**Goal of the exercise:** Find the lines below that contain "card" and tally them. Return only the total.
• • • •
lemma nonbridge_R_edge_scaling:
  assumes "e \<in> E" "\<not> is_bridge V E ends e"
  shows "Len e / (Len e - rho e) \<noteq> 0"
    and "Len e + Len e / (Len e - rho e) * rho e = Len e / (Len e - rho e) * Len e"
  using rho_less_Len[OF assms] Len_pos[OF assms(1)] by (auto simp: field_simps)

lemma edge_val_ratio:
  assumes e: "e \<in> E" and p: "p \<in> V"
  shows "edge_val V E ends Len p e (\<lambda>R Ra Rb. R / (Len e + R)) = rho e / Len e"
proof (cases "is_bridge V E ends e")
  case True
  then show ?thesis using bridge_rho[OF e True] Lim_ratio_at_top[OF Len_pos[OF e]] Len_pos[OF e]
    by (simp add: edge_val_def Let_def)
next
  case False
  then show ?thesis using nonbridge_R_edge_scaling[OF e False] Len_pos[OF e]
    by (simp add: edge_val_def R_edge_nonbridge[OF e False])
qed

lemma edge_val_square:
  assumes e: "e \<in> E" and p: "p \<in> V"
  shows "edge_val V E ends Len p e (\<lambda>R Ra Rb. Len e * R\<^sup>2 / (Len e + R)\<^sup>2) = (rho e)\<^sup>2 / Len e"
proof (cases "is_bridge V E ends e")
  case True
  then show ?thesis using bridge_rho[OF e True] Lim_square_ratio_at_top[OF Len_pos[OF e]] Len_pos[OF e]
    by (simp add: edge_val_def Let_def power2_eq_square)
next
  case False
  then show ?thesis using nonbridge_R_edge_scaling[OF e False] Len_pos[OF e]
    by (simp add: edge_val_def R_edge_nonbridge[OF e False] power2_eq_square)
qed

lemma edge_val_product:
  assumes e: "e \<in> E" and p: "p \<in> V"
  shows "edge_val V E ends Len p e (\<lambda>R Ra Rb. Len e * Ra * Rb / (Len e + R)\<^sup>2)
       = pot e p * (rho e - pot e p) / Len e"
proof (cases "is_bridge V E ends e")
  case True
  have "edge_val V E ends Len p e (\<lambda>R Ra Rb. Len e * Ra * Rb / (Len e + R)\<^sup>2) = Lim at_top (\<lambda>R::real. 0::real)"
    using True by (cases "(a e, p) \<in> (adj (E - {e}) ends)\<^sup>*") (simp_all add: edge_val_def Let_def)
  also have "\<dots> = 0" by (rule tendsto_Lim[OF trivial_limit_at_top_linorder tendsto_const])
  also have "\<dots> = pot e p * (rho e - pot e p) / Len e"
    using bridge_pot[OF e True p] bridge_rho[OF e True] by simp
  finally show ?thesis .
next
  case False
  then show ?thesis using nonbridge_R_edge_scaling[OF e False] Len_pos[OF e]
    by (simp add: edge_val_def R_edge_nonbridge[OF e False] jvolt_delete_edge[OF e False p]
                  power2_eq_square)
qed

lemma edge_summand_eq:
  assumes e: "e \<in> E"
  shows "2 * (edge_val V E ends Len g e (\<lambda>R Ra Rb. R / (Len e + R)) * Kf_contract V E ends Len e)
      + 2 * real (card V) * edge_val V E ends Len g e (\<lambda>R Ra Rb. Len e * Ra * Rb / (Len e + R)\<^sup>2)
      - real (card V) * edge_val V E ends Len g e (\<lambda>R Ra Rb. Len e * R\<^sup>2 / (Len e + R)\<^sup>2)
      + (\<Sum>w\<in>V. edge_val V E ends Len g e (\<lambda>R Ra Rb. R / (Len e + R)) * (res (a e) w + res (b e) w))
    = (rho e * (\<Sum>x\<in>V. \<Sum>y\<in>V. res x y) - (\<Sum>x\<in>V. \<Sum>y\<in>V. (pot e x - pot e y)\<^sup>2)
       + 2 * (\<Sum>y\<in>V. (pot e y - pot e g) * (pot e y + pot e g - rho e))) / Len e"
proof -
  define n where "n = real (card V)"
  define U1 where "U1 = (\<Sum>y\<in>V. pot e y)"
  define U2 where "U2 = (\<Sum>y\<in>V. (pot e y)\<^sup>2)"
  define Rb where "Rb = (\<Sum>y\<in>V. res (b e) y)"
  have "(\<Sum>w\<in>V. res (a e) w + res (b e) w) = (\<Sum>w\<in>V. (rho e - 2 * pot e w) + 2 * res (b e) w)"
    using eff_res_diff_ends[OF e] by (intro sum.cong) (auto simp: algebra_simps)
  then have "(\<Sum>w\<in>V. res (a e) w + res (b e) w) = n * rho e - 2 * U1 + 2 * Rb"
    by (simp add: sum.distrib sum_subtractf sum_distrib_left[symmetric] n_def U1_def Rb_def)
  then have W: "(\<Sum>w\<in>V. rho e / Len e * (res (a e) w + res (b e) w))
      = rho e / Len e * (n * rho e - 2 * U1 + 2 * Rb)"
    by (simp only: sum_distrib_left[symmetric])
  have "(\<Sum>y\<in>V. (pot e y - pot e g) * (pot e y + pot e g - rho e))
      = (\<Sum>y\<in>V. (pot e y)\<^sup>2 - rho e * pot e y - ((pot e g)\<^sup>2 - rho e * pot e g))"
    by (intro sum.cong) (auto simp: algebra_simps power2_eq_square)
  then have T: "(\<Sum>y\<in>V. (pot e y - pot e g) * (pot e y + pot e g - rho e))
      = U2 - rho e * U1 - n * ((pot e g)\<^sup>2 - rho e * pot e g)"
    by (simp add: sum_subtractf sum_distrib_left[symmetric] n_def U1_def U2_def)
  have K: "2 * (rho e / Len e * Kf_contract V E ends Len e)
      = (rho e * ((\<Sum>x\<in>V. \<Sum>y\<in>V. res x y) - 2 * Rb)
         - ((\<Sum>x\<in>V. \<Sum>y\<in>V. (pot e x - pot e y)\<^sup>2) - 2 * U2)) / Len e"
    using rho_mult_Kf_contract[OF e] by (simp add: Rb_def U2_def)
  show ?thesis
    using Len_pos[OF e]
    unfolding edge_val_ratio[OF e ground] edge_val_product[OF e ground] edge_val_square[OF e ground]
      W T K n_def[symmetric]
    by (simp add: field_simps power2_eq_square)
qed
• • • •
**Answer to the problem:** 3